#### Task statement:
Look through the records below, and copy out every line that holds the string "rule".

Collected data
§

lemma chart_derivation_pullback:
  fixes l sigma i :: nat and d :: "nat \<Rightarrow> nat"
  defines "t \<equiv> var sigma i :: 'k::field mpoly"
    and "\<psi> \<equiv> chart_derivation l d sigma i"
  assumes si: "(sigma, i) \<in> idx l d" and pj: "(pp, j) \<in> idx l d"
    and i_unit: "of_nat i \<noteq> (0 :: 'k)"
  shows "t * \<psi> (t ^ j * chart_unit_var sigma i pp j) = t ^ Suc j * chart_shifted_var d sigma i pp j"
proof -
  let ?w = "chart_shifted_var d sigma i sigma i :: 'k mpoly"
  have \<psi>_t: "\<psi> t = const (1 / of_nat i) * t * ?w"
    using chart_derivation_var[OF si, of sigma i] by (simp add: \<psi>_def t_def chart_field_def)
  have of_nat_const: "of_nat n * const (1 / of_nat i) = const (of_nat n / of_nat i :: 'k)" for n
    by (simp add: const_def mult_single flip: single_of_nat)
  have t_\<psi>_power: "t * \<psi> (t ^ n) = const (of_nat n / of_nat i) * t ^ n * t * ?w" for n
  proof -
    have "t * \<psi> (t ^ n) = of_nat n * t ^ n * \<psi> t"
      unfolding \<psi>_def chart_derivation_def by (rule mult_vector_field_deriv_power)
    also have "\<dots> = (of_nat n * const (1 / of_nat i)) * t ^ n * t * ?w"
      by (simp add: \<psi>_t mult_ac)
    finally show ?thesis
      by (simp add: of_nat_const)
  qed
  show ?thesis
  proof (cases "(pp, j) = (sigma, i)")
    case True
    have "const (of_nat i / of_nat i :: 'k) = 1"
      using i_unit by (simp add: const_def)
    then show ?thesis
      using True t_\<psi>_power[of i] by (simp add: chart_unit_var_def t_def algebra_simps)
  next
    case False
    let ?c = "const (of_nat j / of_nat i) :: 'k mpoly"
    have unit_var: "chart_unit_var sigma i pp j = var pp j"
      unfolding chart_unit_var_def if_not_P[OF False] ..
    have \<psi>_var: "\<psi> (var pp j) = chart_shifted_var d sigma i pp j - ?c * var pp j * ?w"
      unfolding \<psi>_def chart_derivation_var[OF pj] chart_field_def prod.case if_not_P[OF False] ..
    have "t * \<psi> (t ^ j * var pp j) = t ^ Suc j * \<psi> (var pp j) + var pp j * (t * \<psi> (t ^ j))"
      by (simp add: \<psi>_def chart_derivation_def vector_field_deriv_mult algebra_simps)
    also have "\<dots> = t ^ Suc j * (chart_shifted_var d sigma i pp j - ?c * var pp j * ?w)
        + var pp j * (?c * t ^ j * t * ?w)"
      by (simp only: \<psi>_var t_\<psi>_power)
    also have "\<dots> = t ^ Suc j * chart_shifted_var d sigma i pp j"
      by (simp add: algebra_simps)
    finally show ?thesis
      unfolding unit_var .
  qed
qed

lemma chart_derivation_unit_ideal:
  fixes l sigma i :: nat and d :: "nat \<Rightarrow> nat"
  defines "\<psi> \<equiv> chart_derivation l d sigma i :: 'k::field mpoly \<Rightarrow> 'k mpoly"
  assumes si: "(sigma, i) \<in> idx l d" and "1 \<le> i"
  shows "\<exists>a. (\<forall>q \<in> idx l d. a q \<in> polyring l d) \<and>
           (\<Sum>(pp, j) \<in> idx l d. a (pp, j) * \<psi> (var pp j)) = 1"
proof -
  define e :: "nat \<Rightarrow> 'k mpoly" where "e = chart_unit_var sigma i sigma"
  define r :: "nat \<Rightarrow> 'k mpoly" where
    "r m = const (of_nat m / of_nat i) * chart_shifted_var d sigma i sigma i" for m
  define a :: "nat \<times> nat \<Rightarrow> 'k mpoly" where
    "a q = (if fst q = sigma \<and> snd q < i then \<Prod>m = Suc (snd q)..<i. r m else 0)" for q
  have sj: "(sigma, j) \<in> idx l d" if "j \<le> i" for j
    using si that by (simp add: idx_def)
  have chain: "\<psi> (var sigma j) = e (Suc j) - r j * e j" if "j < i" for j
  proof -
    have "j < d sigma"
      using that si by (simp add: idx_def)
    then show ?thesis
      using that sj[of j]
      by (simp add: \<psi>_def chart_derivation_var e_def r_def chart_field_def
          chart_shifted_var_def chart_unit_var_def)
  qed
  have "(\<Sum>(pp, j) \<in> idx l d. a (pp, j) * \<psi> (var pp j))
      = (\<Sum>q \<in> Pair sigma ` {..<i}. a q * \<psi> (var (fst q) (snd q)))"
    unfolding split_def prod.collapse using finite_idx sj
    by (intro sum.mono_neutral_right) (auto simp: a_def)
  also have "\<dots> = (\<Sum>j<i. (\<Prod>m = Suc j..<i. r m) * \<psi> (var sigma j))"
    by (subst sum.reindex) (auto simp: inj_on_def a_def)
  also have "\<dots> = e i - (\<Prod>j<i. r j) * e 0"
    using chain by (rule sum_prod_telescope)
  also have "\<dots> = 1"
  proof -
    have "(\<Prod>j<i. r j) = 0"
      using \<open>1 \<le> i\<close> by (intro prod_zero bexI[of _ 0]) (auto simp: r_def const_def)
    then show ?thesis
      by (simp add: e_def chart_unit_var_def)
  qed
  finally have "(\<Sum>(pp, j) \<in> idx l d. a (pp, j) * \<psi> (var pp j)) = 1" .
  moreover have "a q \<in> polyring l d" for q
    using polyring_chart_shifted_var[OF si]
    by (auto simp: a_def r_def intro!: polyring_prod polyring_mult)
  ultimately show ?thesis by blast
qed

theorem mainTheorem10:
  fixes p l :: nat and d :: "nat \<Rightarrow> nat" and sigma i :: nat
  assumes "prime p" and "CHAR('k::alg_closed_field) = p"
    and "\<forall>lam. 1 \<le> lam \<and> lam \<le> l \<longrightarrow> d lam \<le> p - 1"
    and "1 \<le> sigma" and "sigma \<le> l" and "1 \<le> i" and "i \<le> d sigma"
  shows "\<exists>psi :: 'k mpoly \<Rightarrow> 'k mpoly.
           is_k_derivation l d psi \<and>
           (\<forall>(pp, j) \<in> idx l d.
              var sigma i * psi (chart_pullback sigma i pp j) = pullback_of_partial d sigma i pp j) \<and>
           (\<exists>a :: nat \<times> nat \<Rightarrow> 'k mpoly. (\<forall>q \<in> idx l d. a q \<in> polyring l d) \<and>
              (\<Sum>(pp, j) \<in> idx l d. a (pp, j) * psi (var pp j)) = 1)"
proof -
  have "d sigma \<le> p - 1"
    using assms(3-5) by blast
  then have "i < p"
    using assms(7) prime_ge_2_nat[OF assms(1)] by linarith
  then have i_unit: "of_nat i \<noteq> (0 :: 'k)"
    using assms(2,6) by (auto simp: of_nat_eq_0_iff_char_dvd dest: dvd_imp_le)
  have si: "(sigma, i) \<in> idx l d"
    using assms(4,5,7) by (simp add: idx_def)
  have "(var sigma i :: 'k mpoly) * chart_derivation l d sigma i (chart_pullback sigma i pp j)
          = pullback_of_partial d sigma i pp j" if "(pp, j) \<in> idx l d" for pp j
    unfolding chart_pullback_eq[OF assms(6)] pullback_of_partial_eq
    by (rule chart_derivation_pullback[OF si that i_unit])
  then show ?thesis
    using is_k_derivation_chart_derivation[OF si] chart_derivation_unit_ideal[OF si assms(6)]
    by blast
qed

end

§

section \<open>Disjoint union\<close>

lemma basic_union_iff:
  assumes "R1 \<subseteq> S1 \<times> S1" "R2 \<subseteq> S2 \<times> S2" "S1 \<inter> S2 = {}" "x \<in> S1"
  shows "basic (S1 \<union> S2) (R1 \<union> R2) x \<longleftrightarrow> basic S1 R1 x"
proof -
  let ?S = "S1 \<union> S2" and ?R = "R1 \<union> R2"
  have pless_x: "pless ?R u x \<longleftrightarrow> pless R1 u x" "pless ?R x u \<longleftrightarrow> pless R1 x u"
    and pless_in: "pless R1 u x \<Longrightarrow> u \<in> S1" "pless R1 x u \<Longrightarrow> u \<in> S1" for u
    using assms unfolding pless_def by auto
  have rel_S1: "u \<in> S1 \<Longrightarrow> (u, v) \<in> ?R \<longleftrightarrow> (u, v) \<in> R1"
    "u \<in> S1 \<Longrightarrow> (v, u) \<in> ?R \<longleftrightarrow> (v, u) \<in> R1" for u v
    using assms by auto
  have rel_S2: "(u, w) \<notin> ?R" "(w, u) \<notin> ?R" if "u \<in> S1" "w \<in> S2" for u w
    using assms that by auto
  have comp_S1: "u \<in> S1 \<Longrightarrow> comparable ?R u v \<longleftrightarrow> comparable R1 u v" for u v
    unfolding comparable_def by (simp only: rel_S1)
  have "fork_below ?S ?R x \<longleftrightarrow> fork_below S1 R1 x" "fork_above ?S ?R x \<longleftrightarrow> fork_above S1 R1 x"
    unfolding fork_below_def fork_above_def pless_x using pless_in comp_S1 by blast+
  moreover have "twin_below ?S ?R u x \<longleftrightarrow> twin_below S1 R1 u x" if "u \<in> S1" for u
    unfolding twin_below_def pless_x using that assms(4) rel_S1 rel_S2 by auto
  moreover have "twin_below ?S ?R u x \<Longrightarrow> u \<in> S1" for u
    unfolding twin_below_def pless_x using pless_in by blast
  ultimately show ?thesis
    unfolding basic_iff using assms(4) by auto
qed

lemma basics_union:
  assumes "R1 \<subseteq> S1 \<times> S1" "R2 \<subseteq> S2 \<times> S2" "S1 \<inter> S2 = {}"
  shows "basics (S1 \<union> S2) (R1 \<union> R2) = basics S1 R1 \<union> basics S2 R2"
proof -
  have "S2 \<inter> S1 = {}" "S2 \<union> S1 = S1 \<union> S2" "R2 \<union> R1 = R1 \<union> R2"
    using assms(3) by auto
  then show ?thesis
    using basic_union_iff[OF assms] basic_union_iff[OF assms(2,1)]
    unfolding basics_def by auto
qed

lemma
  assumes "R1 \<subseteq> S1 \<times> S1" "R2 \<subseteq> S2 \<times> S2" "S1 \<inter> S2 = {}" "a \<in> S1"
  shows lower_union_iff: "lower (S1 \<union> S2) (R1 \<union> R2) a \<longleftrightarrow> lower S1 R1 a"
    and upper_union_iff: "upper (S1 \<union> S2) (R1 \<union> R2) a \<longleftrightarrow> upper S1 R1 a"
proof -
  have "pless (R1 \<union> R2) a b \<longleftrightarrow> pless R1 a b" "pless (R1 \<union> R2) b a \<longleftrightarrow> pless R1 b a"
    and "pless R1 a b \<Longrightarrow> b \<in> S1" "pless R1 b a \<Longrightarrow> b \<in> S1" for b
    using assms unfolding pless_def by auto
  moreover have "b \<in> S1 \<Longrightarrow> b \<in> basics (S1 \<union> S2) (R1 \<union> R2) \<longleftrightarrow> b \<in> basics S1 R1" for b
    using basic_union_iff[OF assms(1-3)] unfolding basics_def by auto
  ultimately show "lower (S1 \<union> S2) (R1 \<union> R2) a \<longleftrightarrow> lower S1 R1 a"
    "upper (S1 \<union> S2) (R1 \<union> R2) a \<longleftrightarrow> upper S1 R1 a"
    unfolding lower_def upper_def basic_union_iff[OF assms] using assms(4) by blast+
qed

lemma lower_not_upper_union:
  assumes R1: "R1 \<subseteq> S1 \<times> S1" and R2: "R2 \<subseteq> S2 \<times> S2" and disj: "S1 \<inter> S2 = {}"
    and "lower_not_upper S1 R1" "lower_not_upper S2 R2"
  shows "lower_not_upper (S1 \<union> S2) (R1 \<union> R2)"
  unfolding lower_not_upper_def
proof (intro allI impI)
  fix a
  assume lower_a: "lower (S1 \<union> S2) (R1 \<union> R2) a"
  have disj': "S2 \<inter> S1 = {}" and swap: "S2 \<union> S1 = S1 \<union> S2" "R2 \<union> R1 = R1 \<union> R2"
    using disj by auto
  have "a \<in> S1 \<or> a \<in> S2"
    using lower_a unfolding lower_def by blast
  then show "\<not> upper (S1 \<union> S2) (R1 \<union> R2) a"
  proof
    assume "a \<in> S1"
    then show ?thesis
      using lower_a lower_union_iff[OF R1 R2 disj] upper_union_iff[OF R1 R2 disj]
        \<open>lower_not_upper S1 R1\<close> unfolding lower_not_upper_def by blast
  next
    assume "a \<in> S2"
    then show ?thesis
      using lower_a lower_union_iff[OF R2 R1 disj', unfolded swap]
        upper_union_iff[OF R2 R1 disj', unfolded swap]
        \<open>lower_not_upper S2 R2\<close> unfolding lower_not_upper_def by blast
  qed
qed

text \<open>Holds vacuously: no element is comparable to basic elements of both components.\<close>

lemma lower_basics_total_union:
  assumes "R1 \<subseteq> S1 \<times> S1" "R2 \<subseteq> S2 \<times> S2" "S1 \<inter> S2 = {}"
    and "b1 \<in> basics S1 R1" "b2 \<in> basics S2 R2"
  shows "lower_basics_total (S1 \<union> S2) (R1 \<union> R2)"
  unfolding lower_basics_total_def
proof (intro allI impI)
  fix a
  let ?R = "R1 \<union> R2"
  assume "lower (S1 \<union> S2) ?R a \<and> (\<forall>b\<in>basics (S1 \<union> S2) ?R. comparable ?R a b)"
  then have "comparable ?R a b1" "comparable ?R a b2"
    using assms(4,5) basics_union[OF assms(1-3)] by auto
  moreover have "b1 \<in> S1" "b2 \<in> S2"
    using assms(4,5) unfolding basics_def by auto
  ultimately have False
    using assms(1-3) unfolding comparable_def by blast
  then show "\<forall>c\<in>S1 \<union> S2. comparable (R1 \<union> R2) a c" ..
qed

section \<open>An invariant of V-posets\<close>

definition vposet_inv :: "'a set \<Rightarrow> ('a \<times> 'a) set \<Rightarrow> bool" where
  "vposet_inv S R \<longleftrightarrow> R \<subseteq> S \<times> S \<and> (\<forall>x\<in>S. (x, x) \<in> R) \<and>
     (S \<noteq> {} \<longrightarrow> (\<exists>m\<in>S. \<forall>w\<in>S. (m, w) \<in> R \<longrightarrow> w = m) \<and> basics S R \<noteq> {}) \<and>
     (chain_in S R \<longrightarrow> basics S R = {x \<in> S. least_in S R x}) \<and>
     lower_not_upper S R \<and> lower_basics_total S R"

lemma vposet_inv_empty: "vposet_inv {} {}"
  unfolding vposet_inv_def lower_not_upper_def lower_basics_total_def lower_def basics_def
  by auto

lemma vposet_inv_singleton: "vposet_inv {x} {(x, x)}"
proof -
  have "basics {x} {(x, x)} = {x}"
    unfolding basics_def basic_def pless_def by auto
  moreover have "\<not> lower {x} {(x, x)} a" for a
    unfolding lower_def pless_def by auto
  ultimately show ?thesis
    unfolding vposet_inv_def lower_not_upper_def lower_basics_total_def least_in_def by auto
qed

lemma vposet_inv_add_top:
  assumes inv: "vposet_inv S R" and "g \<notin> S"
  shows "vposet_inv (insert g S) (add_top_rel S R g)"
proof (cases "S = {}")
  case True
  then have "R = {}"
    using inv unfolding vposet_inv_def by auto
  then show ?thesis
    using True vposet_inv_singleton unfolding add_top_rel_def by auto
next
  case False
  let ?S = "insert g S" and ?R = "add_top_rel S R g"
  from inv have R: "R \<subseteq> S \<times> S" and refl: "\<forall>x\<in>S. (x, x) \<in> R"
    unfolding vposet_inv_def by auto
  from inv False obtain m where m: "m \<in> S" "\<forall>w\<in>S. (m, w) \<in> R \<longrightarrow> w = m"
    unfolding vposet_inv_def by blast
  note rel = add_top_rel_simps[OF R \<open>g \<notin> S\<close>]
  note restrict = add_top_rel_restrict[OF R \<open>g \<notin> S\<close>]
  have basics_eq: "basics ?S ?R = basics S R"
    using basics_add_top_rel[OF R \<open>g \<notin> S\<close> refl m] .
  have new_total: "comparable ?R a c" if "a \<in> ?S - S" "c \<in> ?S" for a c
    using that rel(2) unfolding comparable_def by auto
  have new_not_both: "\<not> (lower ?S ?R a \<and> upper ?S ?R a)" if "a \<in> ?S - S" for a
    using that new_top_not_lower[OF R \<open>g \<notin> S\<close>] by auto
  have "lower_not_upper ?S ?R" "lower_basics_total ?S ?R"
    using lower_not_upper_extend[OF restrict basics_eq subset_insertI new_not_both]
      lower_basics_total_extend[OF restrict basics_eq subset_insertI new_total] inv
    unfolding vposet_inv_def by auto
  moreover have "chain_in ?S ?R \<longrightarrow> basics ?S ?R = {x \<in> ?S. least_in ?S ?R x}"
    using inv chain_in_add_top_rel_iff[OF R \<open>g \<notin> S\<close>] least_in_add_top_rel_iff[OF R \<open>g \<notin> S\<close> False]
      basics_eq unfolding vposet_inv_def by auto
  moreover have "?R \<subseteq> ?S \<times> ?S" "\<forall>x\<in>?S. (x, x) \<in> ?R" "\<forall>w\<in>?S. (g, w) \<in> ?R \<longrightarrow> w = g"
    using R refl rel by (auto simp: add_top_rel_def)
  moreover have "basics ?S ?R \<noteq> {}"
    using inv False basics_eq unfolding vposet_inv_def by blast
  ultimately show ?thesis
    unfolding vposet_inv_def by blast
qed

§

#### Written answer:
      unfolding \<psi>_def chart_derivation_def by (rule mult_vector_field_deriv_power)
    using chain by (rule sum_prod_telescope)
    by (rule chart_derivation_pullback[OF si that i_unit])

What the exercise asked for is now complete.